Example Settings File

run:
  outputDirectoryPath: ./results
  exportShellTarget: Bash
  continueOnEvalFailure: true
server:
  manage: true
  executablePath: C:\AI\vulkan\llama-server.exe
llamaServer: &o0
  samplingTemperature: 0
evalSets: []
judge:
  enable: true
  serverConfig:
    manage: true
    executablePath: C:\AI\vulkan\llama-server.exe
    model:
      filePath: C:\AI\LiquidAI_LFM2-24B-A2B-Q4_K_M.gguf
  serverSettings:
    contextWindowTokens: 8192
    parallelSlotCount: 1
    samplingTemperature: 0
  judgePromptTemplate: standard
  scoreMinValue: 0
  scoreMaxValue: 100
  scoreMin: 0
  scoreMax: 100
output:
  writePerEvalJson: true
  writeSummaryJson: true
  writeSummaryCsv: true
  includeRawLlmResponse: true
dataSource:
  kind: SplitDirectories
  promptDirectoryPath: C:\AI\Eval
  expectedOutputDirectoryPath: C:\AI\ExpectedOutput
  promptDirectory: C:\AI\Eval
  expectedDirectory: C:\AI\ExpectedOutput
llamaSettings: *o0

Project Structure

Project	Responsibility
`Seevalocal.Core.Abstractions`	Core interfaces and data models (`EvalResult`, `EvalItem`, `MetricValue`, `IEvalStage`, `IEvalPipeline`)
`Seevalocal.Core.Pipeline`	Pipeline orchestrator, stage execution, concurrency control, checkpoint/resume
`Seevalocal.Server`	llama-server lifecycle (download, launch, GPU detection), HTTP client wrapper
`Seevalocal.DataSources`	Data source abstraction and implementations (JSON, YAML, CSV, Parquet, directories)
`Seevalocal.Judge`	LLM-as-judge scoring stage with prompt templates and response parsing
`Seevalocal.Metrics`	Metric collection, aggregation, and output writers (JSON, CSV, Parquet)
`Seevalocal.Pipelines`	Built-in pipeline factories (CasualQA, Translation, CSharpCoding)
`Seevalocal.Config`	Configuration loading, merging, validation, and shell script export
`Seevalocal.UI`	Avalonia UI application with wizard, run dashboard, results viewer, and settings editor

Core Concepts

EvalItem

A single evaluation input:

public record EvalItem
{
    public string Id { get; init; }           // Unique identifier
    public string? SystemPrompt { get; init; }
    public string UserPrompt { get; init; }   // The prompt to send
    public string? ExpectedOutput { get; init; }
    public IReadOnlyDictionary<string, string> Metadata { get; init; }
}

EvalResult

A single evaluation output:

public record EvalResult
{
    public string EvalItemId { get; init; }
    public string EvalSetId { get; init; }
    public bool Succeeded { get; init; }
    public string? FailureReason { get; init; }
    public IReadOnlyList<MetricValue> Metrics { get; init; }
    public IReadOnlyDictionary<string, object?> AllStageOutputs { get; init; }
    public DateTimeOffset StartedAt { get; init; }
    public double DurationSeconds { get; init; }
    public string? RawLlmResponse { get; init; }
}

MetricValue

A typed measurement:

public record MetricValue
{
    public string Name { get; init; }      // Must end with unit suffix (Count, Seconds, etc.)
    public MetricScalar Value { get; init; }
    public string? SourceStage { get; init; }
}

// MetricScalar is a discriminated union:
// - IntMetric(int)
// - DoubleMetric(double)
// - BoolMetric(bool)
// - StringMetric(string)

Configuration System

Configuration Layers (Priority: High → Low)
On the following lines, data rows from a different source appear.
(* Let $n, r$ be nonnegative integers with $n\geqslant\lceil r/2\rceil+2$. Then $m(L(K_n),r)\leqslant\lfloor (r+2)^2/8\rfloor$.
   Context: All graphs are finite, simple and undirected. For a nonnegative integer $r$ and a graph $G$, the $r$-neighbor bootstrap percolation process on $G$ starts with a set $A_0\subseteq V(G)$ of initially active vertices, and for $i\geqslant 1$, $A_i=A_{i-1}\cup\{v\in V(G) : |N(v)\cap A_{i-1}|\geqslant r\}$, where $N(v)$ is the set of neighbors of $v$. The set $A_0$ is a percolating set if $\bigcup_{i\geqslant 0}A_i=V(G)$; $m(G,r)$ is the minimum size of a percolating set. $L(G)$ is the line graph of $G$ (vertex set $E(G)$, two vertices adjacent iff the edges share an endpoint), and $K_n$ is the complete graph on $n$ vertices. *)

theory Defs
  imports Main
begin

text \<open>A finite simple graph is given by a vertex set V and a symmetric irreflexive
adjacency relation E (only its restriction to V matters).\<close>

definition nbrs :: "'a set \<Rightarrow> ('a \<Rightarrow> 'a \<Rightarrow> bool) \<Rightarrow> 'a \<Rightarrow> 'a set" where
  "nbrs V E v = {u \<in> V. E v u}"

fun boot :: "'a set \<Rightarrow> ('a \<Rightarrow> 'a \<Rightarrow> bool) \<Rightarrow> nat \<Rightarrow> 'a set \<Rightarrow> nat \<Rightarrow> 'a set" where
  "boot V E r A 0 = A"
| "boot V E r A (Suc i) =
     boot V E r A i \<union> {v \<in> V. card (nbrs V E v \<inter> boot V E r A i) \<ge> r}"

definition percolating :: "'a set \<Rightarrow> ('a \<Rightarrow> 'a \<Rightarrow> bool) \<Rightarrow> nat \<Rightarrow> 'a set \<Rightarrow> bool" where
  "percolating V E r A \<longleftrightarrow> A \<subseteq> V \<and> (\<Union>i. boot V E r A i) = V"

definition m_perc :: "'a set \<Rightarrow> ('a \<Rightarrow> 'a \<Rightarrow> bool) \<Rightarrow> nat \<Rightarrow> nat" where
  "m_perc V E r = (LEAST k. \<exists>A. percolating V E r A \<and> card A = k)"

definition line_V :: "'a set \<Rightarrow> ('a \<Rightarrow> 'a \<Rightarrow> bool) \<Rightarrow> 'a set set" where
  "line_V V E = {{u, v} | u v. u \<in> V \<and> v \<in> V \<and> u \<noteq> v \<and> E u v}"

definition line_E :: "'a set \<Rightarrow> 'a set \<Rightarrow> bool" where
  "line_E e f \<longleftrightarrow> e \<noteq> f \<and> e \<inter> f \<noteq> {}"

definition K_V :: "nat \<Rightarrow> nat set" where "K_V n = {0..<n}"
definition K_E :: "nat \<Rightarrow> nat \<Rightarrow> bool" where "K_E u v \<longleftrightarrow> u \<noteq> v"

end

theory Submission
  imports Defs
begin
Wizard state — Values explicitly set by the user in the UI wizard
Settings view fields — Values edited in the Settings screen
Loaded settings files — YAML/JSON/TOML files loaded via "Load Settings" (last loaded = highest priority)
Default values — Hardcoded defaults in the model classes

Key principle: Null means "not set, so fall back to lower priority layer". Empty strings are treated as null.

ResolvedConfig Structure

ResolvedConfig
├── Run (RunMeta)              — Run name, output directory, shell target
├── Server (ServerConfig)      — Primary llama-server connection/management
├── LlamaServer (LlamaServerSettings) — All llama-server tuning parameters
├── EvalSets (EvalSetConfig[]) — One or more evaluation sets to run
│   ├── DataSource             — Data source configuration
│   ├── Pipeline               — Pipeline-specific options
│   └── Output                 — Output format options
├── Judge (JudgeConfig?)       — Optional LLM-as-judge configuration
└── DataSource (DataSourceConfig) — Global data source defaults

Configuration Flow

User Action (UI/CLI)
       │
       ▼
┌───────────────────┐
│ PartialConfig     │  ← All fields nullable
│ (from wizard,     │
│  settings, file)  │
└────────┬──────────┘
         │
         ▼
┌───────────────────┐
│ConfigurationMerger│
│ (merges layers)   │
└────────┬──────────┘
         │
         ▼
┌───────────────────┐
│ ResolvedConfig    │  ← Final config for run
│ (all fields set)  │
└────────┬──────────┘
         │
         ▼
┌───────────────────┐
│ ConfigValidator   │
│ (validates)       │
└───────────────────┘

Judge Template Names

Judge templates are specified by name (e.g., "standard", "pass-fail", "structured-json"), not by full template content. The JudgeStage.ResolveTemplate() method uses reflection to look up the actual template content from DefaultTemplates at runtime.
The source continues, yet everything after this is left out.